- [What the exercise asks]:
Restrict the output to the lines below starting at the one that contains "c) ** A = mat" and ending at the one that contains "and \<alpha> \<beta> :: real", and restate them word for word, both ends included.

═════ Dataset records

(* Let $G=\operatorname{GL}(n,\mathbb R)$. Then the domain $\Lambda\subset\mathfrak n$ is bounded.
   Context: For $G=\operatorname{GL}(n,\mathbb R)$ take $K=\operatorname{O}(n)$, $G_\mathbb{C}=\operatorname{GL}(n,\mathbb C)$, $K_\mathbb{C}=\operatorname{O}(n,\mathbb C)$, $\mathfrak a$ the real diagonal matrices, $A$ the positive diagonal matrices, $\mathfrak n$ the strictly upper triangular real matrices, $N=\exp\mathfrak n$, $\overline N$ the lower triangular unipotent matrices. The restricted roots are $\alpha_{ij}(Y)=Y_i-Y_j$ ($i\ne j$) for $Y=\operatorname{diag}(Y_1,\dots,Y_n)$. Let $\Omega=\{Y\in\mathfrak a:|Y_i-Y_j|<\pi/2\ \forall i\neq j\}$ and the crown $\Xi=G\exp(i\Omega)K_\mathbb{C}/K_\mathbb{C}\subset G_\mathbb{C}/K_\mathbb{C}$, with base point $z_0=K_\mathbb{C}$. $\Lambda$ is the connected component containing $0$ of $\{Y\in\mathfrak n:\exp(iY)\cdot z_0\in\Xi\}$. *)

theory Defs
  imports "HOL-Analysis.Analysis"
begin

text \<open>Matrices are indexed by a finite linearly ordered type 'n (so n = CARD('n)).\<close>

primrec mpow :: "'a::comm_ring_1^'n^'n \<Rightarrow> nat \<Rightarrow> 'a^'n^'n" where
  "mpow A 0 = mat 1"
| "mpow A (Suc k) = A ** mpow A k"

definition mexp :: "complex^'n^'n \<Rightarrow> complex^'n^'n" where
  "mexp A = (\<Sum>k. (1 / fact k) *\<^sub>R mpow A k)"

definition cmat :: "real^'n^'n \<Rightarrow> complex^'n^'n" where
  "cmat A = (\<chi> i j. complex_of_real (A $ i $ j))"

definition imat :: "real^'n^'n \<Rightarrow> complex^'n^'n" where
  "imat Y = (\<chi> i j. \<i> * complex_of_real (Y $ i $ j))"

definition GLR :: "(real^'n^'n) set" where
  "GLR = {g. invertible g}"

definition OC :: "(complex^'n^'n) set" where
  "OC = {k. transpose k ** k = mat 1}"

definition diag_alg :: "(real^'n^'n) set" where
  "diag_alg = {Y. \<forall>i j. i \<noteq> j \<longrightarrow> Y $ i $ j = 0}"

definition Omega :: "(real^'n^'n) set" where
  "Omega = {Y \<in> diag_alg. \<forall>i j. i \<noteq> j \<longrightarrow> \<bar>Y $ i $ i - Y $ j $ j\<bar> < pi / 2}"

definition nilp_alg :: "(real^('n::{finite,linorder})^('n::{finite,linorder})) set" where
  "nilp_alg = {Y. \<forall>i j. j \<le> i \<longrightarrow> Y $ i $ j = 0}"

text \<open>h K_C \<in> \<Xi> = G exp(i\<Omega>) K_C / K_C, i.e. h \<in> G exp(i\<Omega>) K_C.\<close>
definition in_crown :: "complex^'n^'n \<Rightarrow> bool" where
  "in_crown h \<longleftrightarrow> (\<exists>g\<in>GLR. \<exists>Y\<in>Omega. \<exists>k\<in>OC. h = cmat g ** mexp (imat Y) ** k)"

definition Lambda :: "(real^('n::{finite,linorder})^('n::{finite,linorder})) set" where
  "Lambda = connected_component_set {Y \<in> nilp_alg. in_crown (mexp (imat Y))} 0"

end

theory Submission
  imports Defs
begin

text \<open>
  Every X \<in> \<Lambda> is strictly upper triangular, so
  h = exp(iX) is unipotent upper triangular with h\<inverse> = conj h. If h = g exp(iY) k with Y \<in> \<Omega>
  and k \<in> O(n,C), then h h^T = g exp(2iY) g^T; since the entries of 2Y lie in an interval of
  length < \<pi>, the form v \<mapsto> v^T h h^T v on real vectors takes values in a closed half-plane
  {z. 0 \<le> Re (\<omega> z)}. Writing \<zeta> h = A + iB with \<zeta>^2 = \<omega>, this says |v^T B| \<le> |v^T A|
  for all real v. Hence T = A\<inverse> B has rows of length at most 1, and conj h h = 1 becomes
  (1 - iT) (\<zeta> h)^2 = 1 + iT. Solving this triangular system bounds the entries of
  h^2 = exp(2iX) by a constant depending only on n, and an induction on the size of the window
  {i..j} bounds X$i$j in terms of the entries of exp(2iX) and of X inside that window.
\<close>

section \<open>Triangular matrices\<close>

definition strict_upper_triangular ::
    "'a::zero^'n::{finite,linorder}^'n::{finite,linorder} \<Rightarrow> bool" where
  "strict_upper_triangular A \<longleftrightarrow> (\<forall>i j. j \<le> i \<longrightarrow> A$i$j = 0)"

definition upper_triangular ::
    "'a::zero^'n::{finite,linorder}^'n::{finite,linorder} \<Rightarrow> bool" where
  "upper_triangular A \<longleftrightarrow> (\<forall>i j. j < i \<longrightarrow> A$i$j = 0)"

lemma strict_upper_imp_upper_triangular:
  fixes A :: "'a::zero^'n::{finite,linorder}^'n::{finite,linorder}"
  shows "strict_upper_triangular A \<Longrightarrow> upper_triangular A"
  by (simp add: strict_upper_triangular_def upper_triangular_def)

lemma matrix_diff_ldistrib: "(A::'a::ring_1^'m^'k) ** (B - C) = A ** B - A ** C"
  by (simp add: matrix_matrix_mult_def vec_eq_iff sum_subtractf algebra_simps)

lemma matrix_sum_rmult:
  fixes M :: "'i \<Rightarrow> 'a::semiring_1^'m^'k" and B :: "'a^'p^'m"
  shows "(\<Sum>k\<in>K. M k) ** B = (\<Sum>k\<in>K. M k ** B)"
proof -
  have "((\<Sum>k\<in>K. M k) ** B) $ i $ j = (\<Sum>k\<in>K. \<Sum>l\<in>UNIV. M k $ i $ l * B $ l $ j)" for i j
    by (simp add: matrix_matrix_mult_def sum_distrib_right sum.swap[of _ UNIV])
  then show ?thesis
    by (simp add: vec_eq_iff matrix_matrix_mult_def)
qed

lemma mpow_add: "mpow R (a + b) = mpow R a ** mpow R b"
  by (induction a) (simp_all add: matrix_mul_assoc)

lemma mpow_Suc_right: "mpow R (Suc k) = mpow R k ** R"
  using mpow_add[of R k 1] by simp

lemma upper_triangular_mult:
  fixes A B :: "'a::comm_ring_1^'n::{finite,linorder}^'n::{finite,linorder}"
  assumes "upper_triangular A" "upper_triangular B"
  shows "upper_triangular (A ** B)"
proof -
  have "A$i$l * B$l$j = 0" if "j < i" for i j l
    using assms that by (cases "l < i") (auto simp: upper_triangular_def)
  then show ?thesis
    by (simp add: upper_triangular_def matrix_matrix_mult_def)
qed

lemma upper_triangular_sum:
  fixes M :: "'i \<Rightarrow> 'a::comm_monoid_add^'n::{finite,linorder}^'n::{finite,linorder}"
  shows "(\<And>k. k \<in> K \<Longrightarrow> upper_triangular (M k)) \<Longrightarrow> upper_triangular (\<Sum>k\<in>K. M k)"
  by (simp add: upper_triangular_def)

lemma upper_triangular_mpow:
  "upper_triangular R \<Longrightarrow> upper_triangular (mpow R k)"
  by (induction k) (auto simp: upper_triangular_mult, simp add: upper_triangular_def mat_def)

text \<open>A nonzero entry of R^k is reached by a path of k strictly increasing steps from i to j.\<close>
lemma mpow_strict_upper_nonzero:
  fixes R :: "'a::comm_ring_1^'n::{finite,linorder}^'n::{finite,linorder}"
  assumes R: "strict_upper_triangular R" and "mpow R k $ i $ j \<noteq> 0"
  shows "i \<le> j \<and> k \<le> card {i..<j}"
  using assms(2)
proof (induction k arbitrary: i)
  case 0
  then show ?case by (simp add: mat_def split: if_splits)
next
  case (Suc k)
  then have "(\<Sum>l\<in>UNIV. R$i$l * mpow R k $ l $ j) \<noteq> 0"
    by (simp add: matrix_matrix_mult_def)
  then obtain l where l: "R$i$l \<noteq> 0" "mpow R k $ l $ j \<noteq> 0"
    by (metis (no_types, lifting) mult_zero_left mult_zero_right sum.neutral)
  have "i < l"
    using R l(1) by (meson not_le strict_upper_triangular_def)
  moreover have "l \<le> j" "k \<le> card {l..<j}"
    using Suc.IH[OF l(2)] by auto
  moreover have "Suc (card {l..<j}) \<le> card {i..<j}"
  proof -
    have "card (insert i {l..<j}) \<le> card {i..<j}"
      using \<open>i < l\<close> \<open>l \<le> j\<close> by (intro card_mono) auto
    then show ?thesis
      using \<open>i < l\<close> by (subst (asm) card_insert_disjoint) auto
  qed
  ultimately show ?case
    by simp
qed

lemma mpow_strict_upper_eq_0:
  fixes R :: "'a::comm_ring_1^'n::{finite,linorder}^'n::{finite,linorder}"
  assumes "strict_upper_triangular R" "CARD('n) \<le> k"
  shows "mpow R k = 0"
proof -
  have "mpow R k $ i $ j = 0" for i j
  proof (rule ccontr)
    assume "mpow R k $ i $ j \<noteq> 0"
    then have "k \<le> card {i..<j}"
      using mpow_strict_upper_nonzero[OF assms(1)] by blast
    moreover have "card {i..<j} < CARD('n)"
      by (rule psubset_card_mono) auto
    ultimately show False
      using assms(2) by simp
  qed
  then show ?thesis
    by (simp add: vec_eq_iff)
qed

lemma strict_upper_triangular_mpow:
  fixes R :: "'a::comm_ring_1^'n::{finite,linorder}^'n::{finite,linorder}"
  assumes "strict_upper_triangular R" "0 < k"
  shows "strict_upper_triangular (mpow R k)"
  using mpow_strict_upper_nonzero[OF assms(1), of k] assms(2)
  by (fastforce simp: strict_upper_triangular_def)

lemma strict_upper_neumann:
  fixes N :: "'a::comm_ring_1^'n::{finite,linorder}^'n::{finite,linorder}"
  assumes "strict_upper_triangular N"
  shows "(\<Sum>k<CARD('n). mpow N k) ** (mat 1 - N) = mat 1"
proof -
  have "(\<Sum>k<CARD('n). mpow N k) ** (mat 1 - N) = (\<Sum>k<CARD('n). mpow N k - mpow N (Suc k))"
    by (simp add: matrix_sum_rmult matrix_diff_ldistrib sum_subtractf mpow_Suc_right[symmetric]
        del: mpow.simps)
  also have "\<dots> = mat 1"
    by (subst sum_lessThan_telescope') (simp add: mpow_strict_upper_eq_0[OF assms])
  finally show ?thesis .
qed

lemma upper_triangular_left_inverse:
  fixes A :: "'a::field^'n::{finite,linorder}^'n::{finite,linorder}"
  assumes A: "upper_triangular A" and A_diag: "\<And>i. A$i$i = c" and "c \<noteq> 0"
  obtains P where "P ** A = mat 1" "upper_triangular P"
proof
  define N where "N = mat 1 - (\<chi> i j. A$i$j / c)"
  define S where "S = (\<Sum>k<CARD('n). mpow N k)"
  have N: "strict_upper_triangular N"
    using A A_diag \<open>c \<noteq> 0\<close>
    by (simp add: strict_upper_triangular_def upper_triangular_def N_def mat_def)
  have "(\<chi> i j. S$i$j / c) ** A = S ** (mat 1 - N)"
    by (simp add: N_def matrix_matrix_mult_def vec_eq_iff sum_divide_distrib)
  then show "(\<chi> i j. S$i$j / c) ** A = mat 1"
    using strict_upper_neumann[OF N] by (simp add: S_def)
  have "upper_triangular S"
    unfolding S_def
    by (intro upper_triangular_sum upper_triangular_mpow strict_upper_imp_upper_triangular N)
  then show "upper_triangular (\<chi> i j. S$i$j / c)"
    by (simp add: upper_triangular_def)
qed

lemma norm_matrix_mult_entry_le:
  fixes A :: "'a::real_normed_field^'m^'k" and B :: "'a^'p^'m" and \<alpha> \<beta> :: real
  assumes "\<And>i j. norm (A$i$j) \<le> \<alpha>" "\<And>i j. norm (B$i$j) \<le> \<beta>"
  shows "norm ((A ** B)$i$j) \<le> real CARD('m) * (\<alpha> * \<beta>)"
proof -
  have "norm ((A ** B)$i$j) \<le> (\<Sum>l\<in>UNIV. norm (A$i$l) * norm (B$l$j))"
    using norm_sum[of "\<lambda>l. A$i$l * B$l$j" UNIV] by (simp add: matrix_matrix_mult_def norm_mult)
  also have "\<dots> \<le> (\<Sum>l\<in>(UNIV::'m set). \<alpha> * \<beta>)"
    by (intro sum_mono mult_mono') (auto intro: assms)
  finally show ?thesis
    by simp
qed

══════════
═════ Dataset records

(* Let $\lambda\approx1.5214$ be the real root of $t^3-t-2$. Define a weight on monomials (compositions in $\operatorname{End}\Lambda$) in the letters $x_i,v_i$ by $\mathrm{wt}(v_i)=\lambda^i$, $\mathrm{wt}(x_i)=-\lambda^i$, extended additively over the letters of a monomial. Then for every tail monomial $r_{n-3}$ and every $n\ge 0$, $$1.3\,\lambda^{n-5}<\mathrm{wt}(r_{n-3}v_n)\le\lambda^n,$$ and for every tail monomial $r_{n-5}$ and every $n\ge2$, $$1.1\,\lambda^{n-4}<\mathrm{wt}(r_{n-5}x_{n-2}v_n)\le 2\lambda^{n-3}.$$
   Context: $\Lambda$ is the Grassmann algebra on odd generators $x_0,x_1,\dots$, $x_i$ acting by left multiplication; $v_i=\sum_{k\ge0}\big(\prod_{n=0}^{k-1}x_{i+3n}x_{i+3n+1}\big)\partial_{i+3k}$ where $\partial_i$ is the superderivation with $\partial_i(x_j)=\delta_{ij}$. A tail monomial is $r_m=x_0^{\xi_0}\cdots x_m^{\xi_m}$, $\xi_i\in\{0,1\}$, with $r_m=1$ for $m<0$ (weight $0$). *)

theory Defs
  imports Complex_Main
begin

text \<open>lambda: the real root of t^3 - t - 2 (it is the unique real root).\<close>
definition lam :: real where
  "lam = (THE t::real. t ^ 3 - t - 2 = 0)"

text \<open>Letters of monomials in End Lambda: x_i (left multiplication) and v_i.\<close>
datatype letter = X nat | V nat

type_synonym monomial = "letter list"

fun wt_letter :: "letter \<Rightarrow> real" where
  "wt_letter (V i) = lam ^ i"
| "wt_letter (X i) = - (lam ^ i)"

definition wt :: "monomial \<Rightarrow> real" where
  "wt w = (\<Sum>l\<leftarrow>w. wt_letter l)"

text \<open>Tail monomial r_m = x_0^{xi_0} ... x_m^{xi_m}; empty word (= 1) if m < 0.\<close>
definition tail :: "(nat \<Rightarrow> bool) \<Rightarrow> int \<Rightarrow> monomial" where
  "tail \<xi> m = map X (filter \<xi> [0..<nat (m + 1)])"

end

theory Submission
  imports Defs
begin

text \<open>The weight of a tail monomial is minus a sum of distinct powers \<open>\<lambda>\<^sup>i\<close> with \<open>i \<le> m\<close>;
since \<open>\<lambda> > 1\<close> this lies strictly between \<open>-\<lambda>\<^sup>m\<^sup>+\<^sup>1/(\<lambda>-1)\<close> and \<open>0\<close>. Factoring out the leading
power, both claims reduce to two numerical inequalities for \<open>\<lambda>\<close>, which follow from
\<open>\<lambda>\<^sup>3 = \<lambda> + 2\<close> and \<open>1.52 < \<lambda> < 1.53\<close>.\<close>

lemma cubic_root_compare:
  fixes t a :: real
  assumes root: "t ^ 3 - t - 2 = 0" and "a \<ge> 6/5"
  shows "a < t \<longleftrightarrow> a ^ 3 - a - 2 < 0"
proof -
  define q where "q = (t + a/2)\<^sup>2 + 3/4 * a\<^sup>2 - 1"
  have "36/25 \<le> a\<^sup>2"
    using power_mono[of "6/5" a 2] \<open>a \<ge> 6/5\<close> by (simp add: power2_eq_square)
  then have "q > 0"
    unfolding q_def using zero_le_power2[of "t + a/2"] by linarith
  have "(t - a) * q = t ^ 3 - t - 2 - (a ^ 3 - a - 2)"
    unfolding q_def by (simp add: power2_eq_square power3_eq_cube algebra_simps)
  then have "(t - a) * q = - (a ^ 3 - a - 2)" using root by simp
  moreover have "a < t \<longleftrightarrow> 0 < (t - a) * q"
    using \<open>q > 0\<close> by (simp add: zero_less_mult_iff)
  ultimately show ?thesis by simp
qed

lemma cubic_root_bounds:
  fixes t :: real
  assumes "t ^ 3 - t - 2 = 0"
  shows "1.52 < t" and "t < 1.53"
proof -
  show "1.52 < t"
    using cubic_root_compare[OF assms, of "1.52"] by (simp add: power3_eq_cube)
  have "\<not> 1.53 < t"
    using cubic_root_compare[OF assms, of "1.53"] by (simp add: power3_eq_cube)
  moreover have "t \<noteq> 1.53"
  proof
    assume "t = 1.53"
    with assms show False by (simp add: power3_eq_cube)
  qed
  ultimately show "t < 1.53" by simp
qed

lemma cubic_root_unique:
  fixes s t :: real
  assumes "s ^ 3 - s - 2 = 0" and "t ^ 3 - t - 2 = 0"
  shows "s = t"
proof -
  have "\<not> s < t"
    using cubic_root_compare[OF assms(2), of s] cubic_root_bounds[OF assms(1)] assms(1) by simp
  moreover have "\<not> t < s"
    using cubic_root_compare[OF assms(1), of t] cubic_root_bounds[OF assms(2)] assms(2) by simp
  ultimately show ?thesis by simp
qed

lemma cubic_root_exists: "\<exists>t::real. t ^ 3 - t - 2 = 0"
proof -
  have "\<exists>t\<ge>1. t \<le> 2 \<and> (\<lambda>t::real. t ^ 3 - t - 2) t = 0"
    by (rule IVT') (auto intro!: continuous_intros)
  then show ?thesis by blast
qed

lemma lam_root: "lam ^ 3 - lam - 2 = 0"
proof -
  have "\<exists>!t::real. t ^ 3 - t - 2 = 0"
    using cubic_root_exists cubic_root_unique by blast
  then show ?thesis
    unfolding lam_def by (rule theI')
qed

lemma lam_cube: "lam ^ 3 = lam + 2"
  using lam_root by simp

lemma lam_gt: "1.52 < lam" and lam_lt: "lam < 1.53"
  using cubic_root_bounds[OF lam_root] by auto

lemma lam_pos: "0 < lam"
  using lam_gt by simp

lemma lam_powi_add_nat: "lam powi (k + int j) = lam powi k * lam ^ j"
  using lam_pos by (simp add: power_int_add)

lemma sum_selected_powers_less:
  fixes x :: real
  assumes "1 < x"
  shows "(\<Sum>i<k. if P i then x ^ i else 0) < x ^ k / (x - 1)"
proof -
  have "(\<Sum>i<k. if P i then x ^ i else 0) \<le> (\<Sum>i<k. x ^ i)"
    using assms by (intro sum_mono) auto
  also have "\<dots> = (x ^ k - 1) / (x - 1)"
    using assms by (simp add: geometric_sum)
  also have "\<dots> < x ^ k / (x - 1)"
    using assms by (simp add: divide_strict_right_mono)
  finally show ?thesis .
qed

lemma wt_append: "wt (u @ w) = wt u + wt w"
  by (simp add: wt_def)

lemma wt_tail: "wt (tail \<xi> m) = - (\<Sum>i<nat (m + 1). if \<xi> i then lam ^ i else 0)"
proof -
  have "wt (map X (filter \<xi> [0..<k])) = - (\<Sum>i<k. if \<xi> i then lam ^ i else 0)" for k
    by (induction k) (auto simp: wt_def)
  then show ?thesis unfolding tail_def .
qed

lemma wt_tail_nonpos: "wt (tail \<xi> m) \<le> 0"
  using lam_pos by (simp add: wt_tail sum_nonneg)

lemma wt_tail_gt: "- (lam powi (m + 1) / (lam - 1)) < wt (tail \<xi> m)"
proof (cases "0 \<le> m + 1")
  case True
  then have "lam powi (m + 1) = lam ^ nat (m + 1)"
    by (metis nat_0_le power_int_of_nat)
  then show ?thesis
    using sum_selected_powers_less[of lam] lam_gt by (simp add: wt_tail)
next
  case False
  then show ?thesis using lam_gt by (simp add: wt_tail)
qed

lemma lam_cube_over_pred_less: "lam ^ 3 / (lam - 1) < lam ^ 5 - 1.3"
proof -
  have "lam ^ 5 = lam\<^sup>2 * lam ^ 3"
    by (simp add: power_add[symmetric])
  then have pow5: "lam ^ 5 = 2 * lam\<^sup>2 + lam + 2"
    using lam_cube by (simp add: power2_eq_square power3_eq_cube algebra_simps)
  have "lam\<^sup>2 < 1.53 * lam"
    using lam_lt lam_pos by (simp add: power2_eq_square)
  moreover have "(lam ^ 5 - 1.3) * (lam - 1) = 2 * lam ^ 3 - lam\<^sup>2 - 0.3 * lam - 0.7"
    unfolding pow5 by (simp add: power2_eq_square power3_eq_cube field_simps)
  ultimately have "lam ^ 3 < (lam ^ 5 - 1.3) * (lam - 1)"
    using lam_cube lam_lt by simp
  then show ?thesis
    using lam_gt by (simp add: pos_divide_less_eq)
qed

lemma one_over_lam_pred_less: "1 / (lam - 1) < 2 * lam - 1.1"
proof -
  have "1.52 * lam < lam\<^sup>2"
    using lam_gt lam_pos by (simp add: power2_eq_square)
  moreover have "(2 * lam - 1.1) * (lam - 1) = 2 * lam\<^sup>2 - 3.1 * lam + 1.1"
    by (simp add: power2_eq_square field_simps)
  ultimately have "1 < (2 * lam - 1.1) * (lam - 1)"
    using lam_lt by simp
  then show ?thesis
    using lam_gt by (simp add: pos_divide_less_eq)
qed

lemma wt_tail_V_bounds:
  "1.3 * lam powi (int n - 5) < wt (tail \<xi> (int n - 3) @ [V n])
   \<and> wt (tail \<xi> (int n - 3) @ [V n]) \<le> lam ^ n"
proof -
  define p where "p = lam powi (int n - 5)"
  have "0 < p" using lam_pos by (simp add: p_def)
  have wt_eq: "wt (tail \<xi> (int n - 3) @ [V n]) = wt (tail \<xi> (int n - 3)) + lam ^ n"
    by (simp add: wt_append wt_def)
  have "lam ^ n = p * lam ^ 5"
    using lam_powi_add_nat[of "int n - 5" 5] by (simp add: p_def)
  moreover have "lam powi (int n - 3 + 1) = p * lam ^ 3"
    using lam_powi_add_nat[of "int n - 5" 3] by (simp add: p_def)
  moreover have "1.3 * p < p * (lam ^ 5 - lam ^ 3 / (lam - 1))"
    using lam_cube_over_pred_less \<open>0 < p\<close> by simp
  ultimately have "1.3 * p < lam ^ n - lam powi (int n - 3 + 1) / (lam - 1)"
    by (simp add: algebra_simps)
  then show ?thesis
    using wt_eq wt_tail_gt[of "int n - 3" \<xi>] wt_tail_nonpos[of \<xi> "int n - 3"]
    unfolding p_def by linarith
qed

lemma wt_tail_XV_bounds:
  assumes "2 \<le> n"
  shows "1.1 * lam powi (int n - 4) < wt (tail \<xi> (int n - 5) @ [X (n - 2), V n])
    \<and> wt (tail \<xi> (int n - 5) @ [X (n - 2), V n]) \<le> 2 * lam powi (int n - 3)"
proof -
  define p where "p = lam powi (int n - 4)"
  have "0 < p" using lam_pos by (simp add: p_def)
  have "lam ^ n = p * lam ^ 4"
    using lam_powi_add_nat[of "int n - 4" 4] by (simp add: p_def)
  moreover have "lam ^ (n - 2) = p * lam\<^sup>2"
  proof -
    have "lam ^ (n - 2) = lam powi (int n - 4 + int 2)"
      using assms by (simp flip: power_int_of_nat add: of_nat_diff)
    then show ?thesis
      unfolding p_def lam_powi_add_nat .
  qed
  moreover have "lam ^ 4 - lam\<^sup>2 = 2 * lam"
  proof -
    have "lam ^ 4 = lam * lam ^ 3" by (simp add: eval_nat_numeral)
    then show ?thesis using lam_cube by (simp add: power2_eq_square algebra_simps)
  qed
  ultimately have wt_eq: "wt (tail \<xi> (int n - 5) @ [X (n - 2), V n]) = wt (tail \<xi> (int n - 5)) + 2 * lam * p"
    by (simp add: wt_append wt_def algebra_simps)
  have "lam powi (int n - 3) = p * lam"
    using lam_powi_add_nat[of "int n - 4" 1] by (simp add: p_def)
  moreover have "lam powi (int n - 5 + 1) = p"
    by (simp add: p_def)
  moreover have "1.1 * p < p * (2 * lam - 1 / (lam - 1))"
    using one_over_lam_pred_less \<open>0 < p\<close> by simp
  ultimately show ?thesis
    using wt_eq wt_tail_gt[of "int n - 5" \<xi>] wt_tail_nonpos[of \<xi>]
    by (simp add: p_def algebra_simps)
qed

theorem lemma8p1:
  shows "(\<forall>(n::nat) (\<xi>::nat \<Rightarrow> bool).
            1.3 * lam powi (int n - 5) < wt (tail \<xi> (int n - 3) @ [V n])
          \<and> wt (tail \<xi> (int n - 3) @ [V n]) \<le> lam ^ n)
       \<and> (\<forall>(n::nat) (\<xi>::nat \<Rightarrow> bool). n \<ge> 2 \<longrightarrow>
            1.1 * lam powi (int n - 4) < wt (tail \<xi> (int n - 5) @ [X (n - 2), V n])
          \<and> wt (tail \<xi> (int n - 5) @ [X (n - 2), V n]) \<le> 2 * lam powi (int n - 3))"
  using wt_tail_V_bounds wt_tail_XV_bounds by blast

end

══════════

- [Written response]:
  then show "(\<chi> i j. S$i$j / c) ** A = mat 1"
    using strict_upper_neumann[OF N] by (simp add: S_def)
  have "upper_triangular S"
    unfolding S_def
    by (intro upper_triangular_sum upper_triangular_mpow strict_upper_imp_upper_triangular N)
  then show "upper_triangular (\<chi> i j. S$i$j / c)"
    by (simp add: upper_triangular_def)
qed

lemma norm_matrix_mult_entry_le:
  fixes A :: "'a::real_normed_field^'m^'k" and B :: "'a^'p^'m" and \<alpha> \<beta> :: real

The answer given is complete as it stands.